Optimizing Distributed I/O with serial output

I am having trouble understanding how to optimize a distributed component with a serial output. This is my attempt with an example problem given in the openmdao docs.
import numpy as np
import openmdao.api as om
from openmdao.utils.array_utils import evenly_distrib_idxs
from openmdao.utils.mpi import MPI
class MixedDistrib2(om.ExplicitComponent):
def setup(self):
# Distributed Input
self.add_input('in_dist', shape_by_conn=True, distributed=True)
# Serial Input
self.add_input('in_serial', val=1)
# Distributed Output
self.add_output('out_dist', copy_shape='in_dist', distributed=True)
# Serial Output
self.add_output('out_serial', copy_shape='in_serial')

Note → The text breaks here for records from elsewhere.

(* Let $V\subset\mathbb{R}^3$ be covered by a conforming oriented tetrahedral mesh $\bigcup_e T_e$, let $p\ge2$, and on each element consider the edge, edge-face, face and cell functions listed below, assembled globally so that edge functions are shared by all elements containing that edge, face functions (including edge-face functions of that face) by the two elements sharing that face, and cell functions are local to each element. Then every finite linear combination of the assembled functions lies in $H(\operatorname{sym}\operatorname{Curl},V)$; equivalently, for every interior interface $\Xi$ between two elements with normal $\mathbf{n}$, the jump of $\operatorname{sym}(\mathbf{P}\operatorname{Anti}(\mathbf{n})^T)$ across $\Xi$ vanishes. The element functions on $T$ are: (i) for each edge $j$ and $\varphi\in\mathcal{E}^p_j(T)$: $\varphi\,\mathbf{d}_1\otimes\mathbf{t}$, $\varphi\,\mathbf{d}_2\otimes\mathbf{t}$; (ii) for each face $k$ with normal $\mathbf{n}$, each edge $j$ of face $k$ and $\varphi\in\mathcal{E}^p_j(T)$: $\varphi\,\mathbf{t}\otimes\mathbf{k}$, $\varphi\,\mathbf{m}\otimes\mathbf{k}$, $\varphi\,\mathbf{n}\otimes\mathbf{k}$, with $\mathbf{t}$ the tangent of edge $j$, $\mathbf{k}$ the edge-face vector of edge $j$ satisfying $\mathbf{n}\times\mathbf{k}\ne0$, $\mathbf{m}=\mathbf{Q}\mathbf{k}$, $\mathbf{Q}=\|\mathbf{n}\|^2\mathbb{1}-\mathbf{n}\otimes\mathbf{n}$; (iii) for each face $k$ and $\varphi\in\mathcal{F}^p_k(T)$, with $j=\min\mathcal{J}_k$ and $\mathbf{t},\mathbf{m}$ as in (ii) for edge $j$: $\varphi\,\mathbf{t}\otimes\mathbf{m}$, $\varphi\,\mathbf{m}\otimes\mathbf{t}$, $\varphi(\mathbf{t}\otimes\mathbf{t}-\mathbf{m}\otimes\mathbf{m})$, $\varphi\,\mathbf{n}\otimes\mathbf{t}$, $\varphi\,\mathbf{n}\otimes\mathbf{m}$; (iv) cell functions $\varphi\mathbb{1}$ with $\varphi\in\bigoplus_{j}\mathcal{E}^{p+1}_j(T)\oplus\bigoplus_k\mathcal{F}^{p+1}_k(T)\oplus\mathcal{C}^{p+1}(T)$, $\varphi\,\mathbf{t}\otimes\mathbf{n}$, $\varphi\,\mathbf{m}\otimes\mathbf{n}$, $\varphi\,\mathbf{n}\otimes\mathbf{n}$ with $\varphi\in\mathcal{F}^p_k(T)$ (vectors as in (iii)), and $\varphi\mathbf{T}$ with $\varphi\in\mathcal{C}^p(T)$, $\mathbf{T}\in\mathfrak{sl}(3)$.
   Context: $H(\operatorname{sym}\operatorname{Curl},V)=\{\mathbf{P}\in[L^2(V)]^{3\times3}:\operatorname{sym}\operatorname{Curl}\mathbf{P}\in[L^2(V)]^{3\times3}\}$, where $\operatorname{Curl}\mathbf{P}=-\mathbf{P}\times\nabla$ is the row-wise curl and $\operatorname{sym}\mathbf{A}=\frac12(\mathbf{A}+\mathbf{A}^T)$; $\operatorname{Anti}(\mathbf{v})$ is the skew matrix with $\operatorname{Anti}(\mathbf{v})\mathbf{w}=\mathbf{v}\times\mathbf{w}$; $\mathfrak{sl}(3)$ is the space of trace-free $3\times3$ matrices, $\mathbb{1}$ the identity. Each element $T=\mathbf{x}(\Omega)$ is the non-degenerate image of the reference tetrahedron $\Omega=\{(\xi,\eta,\zeta)\in[0,1]^3:\xi+\eta+\zeta\le1\}$, $\mathbf{J}=\mathrm{D}\mathbf{x}$, with barycentric coordinates $\lambda_1=1-\xi-\eta-\zeta,\lambda_2=\zeta,\lambda_3=\eta,\lambda_4=\xi$. The mesh is oriented: the local vertex numbering of each element is increasing with respect to a fixed global vertex numbering. Edges $\mathcal{J}=\{(1,2),(1,3),(1,4),(2,3),(2,4),(3,4)\}$, faces $\mathcal{K}=\{(1,2,3),(1,2,4),(1,3,4),(2,3,4)\}$, $\mathcal{J}_k$ the edges of face $k$, $\min\mathcal{J}_k$ the lexicographically smallest. Scalar spaces: an $H^1$-conforming hierarchical polytopal basis of $\mathit{P}^q(T)$ consisting of vertex functions $\lambda_i$, edge spaces $\mathcal{E}^q_j(T)$ (dimension $q-1$, vanishing on other edges), face spaces $\mathcal{F}^q_k(T)$ (dimension $(q-2)(q-1)/2$, vanishing on other faces), cell space $\mathcal{C}^q(T)$ (dimension $(q-3)(q-2)(q-1)/6$, vanishing on $\partial T$), such that shared edge and face functions coincide on interfaces between neighbouring elements. Vectors: tangents $\mathbf{t}=\mathbf{J}\boldsymbol{\tau}$ with $\boldsymbol{\tau}_{12}=\mathbf{e}_3,\boldsymbol{\tau}_{13}=\mathbf{e}_2,\boldsymbol{\tau}_{14}=\mathbf{e}_1,\boldsymbol{\tau}_{23}=\mathbf{e}_2-\mathbf{e}_3,\boldsymbol{\tau}_{24}=\mathbf{e}_1-\mathbf{e}_3,\boldsymbol{\tau}_{34}=\mathbf{e}_1-\mathbf{e}_2$; edge-face vectors $\mathbf{k}=\mathbf{J}^{-T}\boldsymbol{\kappa}$ with reference pairs $(1,2):\{-\mathbf{e}_2,-\mathbf{e}_1\}$, $(1,3):\{\mathbf{e}_3,-\mathbf{e}_1\}$, $(1,4):\{\mathbf{e}_3,\mathbf{e}_2\}$, $(2,3):\{\mathbf{e}_1+\mathbf{e}_2+\mathbf{e}_3,-\mathbf{e}_1\}$, $(2,4):\{\mathbf{e}_1+\mathbf{e}_2+\mathbf{e}_3,\mathbf{e}_2\}$, $(3,4):\{\mathbf{e}_1+\mathbf{e}_2+\mathbf{e}_3,-\mathbf{e}_3\}$; face normals $\mathbf{n}=(\det\mathbf{J})\mathbf{J}^{-T}\boldsymbol{\nu}$ with $\boldsymbol{\nu}_{123}=-\mathbf{e}_1,\boldsymbol{\nu}_{124}=\mathbf{e}_2,\boldsymbol{\nu}_{134}=-\mathbf{e}_3,\boldsymbol{\nu}_{234}=-\mathbf{e}_1-\mathbf{e}_2-\mathbf{e}_3$; for an edge with tangent $\mathbf{t}=(t_1,t_2,t_3)$, $\mathbf{d}_2=(\operatorname{sgn}_*(t_1)|t_3|,\operatorname{sgn}_*(t_2)|t_3|,-\operatorname{sgn}_*(t_3)(|t_1|+|t_2|))^T$ with $\operatorname{sgn}_*(x)=1$ if $x\ge0$, $-1$ otherwise, and $\mathbf{d}_1=\mathbf{d}_2\times\mathbf{t}$. *)

theory Defs
  imports "HOL-Analysis.Analysis"
begin

type_synonym vec3 = "real^3"
type_synonym mat3 = "real^3^3"

definition vec3 :: "real \<Rightarrow> real \<Rightarrow> real \<Rightarrow> vec3" where
  "vec3 a b c = vector [a, b, c]"

definition e1v :: vec3 where "e1v = vec3 1 0 0"
definition e2v :: vec3 where "e2v = vec3 0 1 0"
definition e3v :: vec3 where "e3v = vec3 0 0 1"

definition outer :: "vec3 \<Rightarrow> vec3 \<Rightarrow> mat3" where
  "outer a b = (\<chi> i j. a $ i * b $ j)"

#self.declare_partials('*','*', method='cs')
def compute(self, inputs, outputs):
x = inputs['in_dist']
y = inputs['in_serial']
# "Computationally Intensive" operation that we wish to parallelize.
f_x = x**2 - 2.0*x + 4.0
# These operations are repeated on all procs.
f_y = y ** 0.5
g_y = y**2 + 3.0*y - 5.0
# Compute square root of our portion of the distributed input.
g_x = x ** 0.5
# Distributed output
outputs['out_dist'] = f_x + f_y
# Serial output
if MPI and comm.size > 1:
# We need to gather the summed values to compute the total sum over all procs.
local_sum = np.array(np.sum(g_x))
total_sum = local_sum.copy()
self.comm.Allreduce(local_sum, total_sum, op=MPI.SUM)

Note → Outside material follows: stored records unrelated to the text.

(* Let $(A,\mu,\alpha,\beta)$ be a BiHom-associative algebra and let $r=\sum_i x_i\otimes y_i\in A\otimes A$ be such that $(\alpha\otimes\alpha)(r)=r=(\beta\otimes\beta)(r)$. Define $\Delta_r:A\rightarrow A\otimes A$ by $\Delta_r(a)=\sum_i\alpha(x_i)\otimes y_i\cdot a-\sum_i a\cdot x_i\otimes\beta(y_i)$. Then $(\Delta_r\otimes\beta)\circ\Delta_r=(\alpha\otimes\Delta_r)\circ\Delta_r$ if and only if $a\bullet A(r)=A(r)\bullet a$ for all $a\in A$, where the actions of $A$ on $A\otimes A\otimes A$ are $a\bullet(x\otimes y\otimes z)=\alpha(a)\cdot x\otimes\beta(y)\otimes\beta(z)$ and $(x\otimes y\otimes z)\bullet a=\alpha(x)\otimes\alpha(y)\otimes z\cdot\beta(a)$, and $A(r)=r_{13}r_{12}-r_{12}r_{23}+r_{23}r_{13}$ with $r_{12}r_{23}=\sum_{i,j}\alpha(x_i)\otimes y_i\cdot x_j\otimes\beta(y_j)$, $r_{13}r_{12}=\sum_{i,j}x_i\cdot x_j\otimes\beta(y_j)\otimes\beta(y_i)$, $r_{23}r_{13}=\sum_{i,j}\alpha(x_i)\otimes\alpha(x_j)\otimes y_j\cdot y_i$.
   Context: A BiHom-associative algebra is a 4-tuple $(A,\mu,\alpha,\beta)$ with $A$ a linear space, $\alpha,\beta:A\to A$ and $\mu:A\otimes A\to A$ (written $\mu(x\otimes y)=x\cdot y$) linear maps such that $\alpha\circ\beta=\beta\circ\alpha$, $\alpha(x\cdot y)=\alpha(x)\cdot\alpha(y)$, $\beta(x\cdot y)=\beta(x)\cdot\beta(y)$ and $\alpha(x)\cdot(y\cdot z)=(x\cdot y)\cdot\beta(z)$ for all $x,y,z\in A$. Work is over a base field $\Bbbk$, and $\otimes=\otimes_{\Bbbk}$. *)

theory Defs
  imports Main "HOL.Vector_Spaces" "HOL-Library.Function_Algebras"
begin

text \<open>Tensor products over a field 'k of a 'k-vector space (type 'a with scalar
multiplication smul) are modelled as the free 'k-vector space on tuples, modulo the
subspace spanned by the multilinearity relations.  A tensor is represented by a
finite formal sum, i.e. a list of (coefficient, tuple) pairs.\<close>

definition fsum :: "('k::comm_ring_1 \<times> 'b) list \<Rightarrow> ('b \<Rightarrow> 'k)" where
  "fsum xs = (\<lambda>p. sum_list (map (\<lambda>(c,q). if q = p then c else 0) xs))"

definition fscale :: "'k::comm_ring_1 \<Rightarrow> ('b \<Rightarrow> 'k) \<Rightarrow> ('b \<Rightarrow> 'k)" where
  "fscale c f = (\<lambda>p. c * f p)"

definition rel2 :: "('k::field \<Rightarrow> 'a::ab_group_add \<Rightarrow> 'a) \<Rightarrow> (('a \<times> 'a) \<Rightarrow> 'k) set" where
  "rel2 s =
     {fsum [(1,(x+x',y)),(-1,(x,y)),(-1,(x',y))] | x x' y. True}
   \<union> {fsum [(1,(x,y+y')),(-1,(x,y)),(-1,(x,y'))] | x y y'. True}
   \<union> {fsum [(1,(s c x,y)),(-c,(x,y))] | c x y. True}
   \<union> {fsum [(1,(x,s c y)),(-c,(x,y))] | c x y. True}"

definition rel3 :: "('k::field \<Rightarrow> 'a::ab_group_add \<Rightarrow> 'a) \<Rightarrow> (('a \<times> 'a \<times> 'a) \<Rightarrow> 'k) set" where
  "rel3 s =
     {fsum [(1,(x+x',y,z)),(-1,(x,y,z)),(-1,(x',y,z))] | x x' y z. True}
   \<union> {fsum [(1,(x,y+y',z)),(-1,(x,y,z)),(-1,(x,y',z))] | x y y' z. True}
   \<union> {fsum [(1,(x,y,z+z')),(-1,(x,y,z)),(-1,(x,y,z'))] | x y z z'. True}
   \<union> {fsum [(1,(s c x,y,z)),(-c,(x,y,z))] | c x y z. True}
   \<union> {fsum [(1,(x,s c y,z)),(-c,(x,y,z))] | c x y z. True}
   \<union> {fsum [(1,(x,y,s c z)),(-c,(x,y,z))] | c x y z. True}"

definition tens2_eq :: "('k::field \<Rightarrow> 'a::ab_group_add \<Rightarrow> 'a) \<Rightarrow> ('k \<times> 'a \<times> 'a) list \<Rightarrow> ('k \<times> 'a \<times> 'a) list \<Rightarrow> bool" where
  "tens2_eq s u v \<longleftrightarrow> fsum u - fsum v \<in> module.span fscale (rel2 s)"

definition tens3_eq :: "('k::field \<Rightarrow> 'a::ab_group_add \<Rightarrow> 'a) \<Rightarrow> ('k \<times> 'a \<times> 'a \<times> 'a) list \<Rightarrow> ('k \<times> 'a \<times> 'a \<times> 'a) list \<Rightarrow> bool" where
  "tens3_eq s u v \<longleftrightarrow> fsum u - fsum v \<in> module.span fscale (rel3 s)"

definition bihom_assoc :: "('k::field \<Rightarrow> 'a::ab_group_add \<Rightarrow> 'a) \<Rightarrow> ('a \<Rightarrow> 'a \<Rightarrow> 'a) \<Rightarrow> ('a \<Rightarrow> 'a) \<Rightarrow> ('a \<Rightarrow> 'a) \<Rightarrow> bool" where
  "bihom_assoc s mu \<alpha> \<beta> \<longleftrightarrow>
     vector_space s \<and>
     (\<forall>x. Vector_Spaces.linear s s (mu x)) \<and> (\<forall>y. Vector_Spaces.linear s s (\<lambda>x. mu x y)) \<and>
     Vector_Spaces.linear s s \<alpha> \<and> Vector_Spaces.linear s s \<beta> \<and>
     \<alpha> \<circ> \<beta> = \<beta> \<circ> \<alpha> \<and>
     (\<forall>x y. \<alpha> (mu x y) = mu (\<alpha> x) (\<alpha> y)) \<and>
     (\<forall>x y. \<beta> (mu x y) = mu (\<beta> x) (\<beta> y)) \<and>
     (\<forall>x y z. mu (\<alpha> x) (mu y z) = mu (mu x y) (\<beta> z))"

text \<open>r = \<Sum>_i x_i \<otimes> y_i is given by the list of pairs (x_i, y_i).\<close>
definition tens_of :: "('a \<times> 'a) list \<Rightarrow> ('k::field \<times> 'a \<times> 'a) list" where
  "tens_of r = map (\<lambda>(x,y). (1,(x,y))) r"

definition Delta_r :: "('a \<Rightarrow> 'a \<Rightarrow> 'a) \<Rightarrow> ('a \<Rightarrow> 'a) \<Rightarrow> ('a \<Rightarrow> 'a) \<Rightarrow> ('a \<times> 'a) list \<Rightarrow> 'a \<Rightarrow> ('k::field \<times> 'a \<times> 'a) list" where
  "Delta_r mu \<alpha> \<beta> r a =
     map (\<lambda>(x,y). (1, (\<alpha> x, mu y a))) r @ map (\<lambda>(x,y). (-1, (mu a x, \<beta> y))) r"

definition Delta_beta :: "('a \<Rightarrow> 'a \<Rightarrow> 'a) \<Rightarrow> ('a \<Rightarrow> 'a) \<Rightarrow> ('a \<Rightarrow> 'a) \<Rightarrow> ('a \<times> 'a) list \<Rightarrow> 'a \<Rightarrow> ('k::field \<times> 'a \<times> 'a \<times> 'a) list" where
  "Delta_beta mu \<alpha> \<beta> r a =
     concat (map (\<lambda>(c,(u,v)). map (\<lambda>(d,(p,q)). (c*d, (p, q, \<beta> v))) (Delta_r mu \<alpha> \<beta> r u))
                 (Delta_r mu \<alpha> \<beta> r a))"

definition alpha_Delta :: "('a \<Rightarrow> 'a \<Rightarrow> 'a) \<Rightarrow> ('a \<Rightarrow> 'a) \<Rightarrow> ('a \<Rightarrow> 'a) \<Rightarrow> ('a \<times> 'a) list \<Rightarrow> 'a \<Rightarrow> ('k::field \<times> 'a \<times> 'a \<times> 'a) list" where
  "alpha_Delta mu \<alpha> \<beta> r a =
     concat (map (\<lambda>(c,(u,v)). map (\<lambda>(d,(p,q)). (c*d, (\<alpha> u, p, q))) (Delta_r mu \<alpha> \<beta> r v))
                 (Delta_r mu \<alpha> \<beta> r a))"

definition AYBE :: "('a \<Rightarrow> 'a \<Rightarrow> 'a) \<Rightarrow> ('a \<Rightarrow> 'a) \<Rightarrow> ('a \<Rightarrow> 'a) \<Rightarrow> ('a \<times> 'a) list \<Rightarrow> ('k::field \<times> 'a \<times> 'a \<times> 'a) list" where
  "AYBE mu \<alpha> \<beta> r =
     concat (map (\<lambda>(xi,yi). map (\<lambda>(xj,yj). (1, (mu xi xj, \<beta> yj, \<beta> yi))) r) r)
   @ concat (map (\<lambda>(xi,yi). map (\<lambda>(xj,yj). (-1, (\<alpha> xi, mu yi xj, \<beta> yj))) r) r)
   @ concat (map (\<lambda>(xi,yi). map (\<lambda>(xj,yj). (1, (\<alpha> xi, \<alpha> xj, mu yj yi))) r) r)"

outputs['out_serial'] = g_y * total_sum
else:
# Recommended to make sure your code can run in serial too, for testing.
outputs['out_serial'] = g_y * np.sum(g_x)
size = 7
if MPI:
comm = MPI.COMM_WORLD
rank = comm.rank
sizes, offsets = evenly_distrib_idxs(comm.size, size)
else:
# When running in serial, the entire variable is on rank 0.
rank = 0
sizes = {rank : size}
offsets = {rank : 0}
prob = om.Problem()
model = prob.model
# Create a distributed source for the distributed input.
ivc = om.IndepVarComp()
ivc.add_output('x_dist', np.zeros(sizes[rank]), distributed=True)
ivc.add_output('x_serial', val=1)
model.add_subsystem("indep", ivc)
model.add_subsystem("D1", MixedDistrib2())
model.add_subsystem('con_cmp1', om.ExecComp('con1 = y**2'), promotes=['con1', 'y'])
model.connect('indep.x_dist', 'D1.in_dist')
model.connect('indep.x_serial', ['D1.in_serial','y'])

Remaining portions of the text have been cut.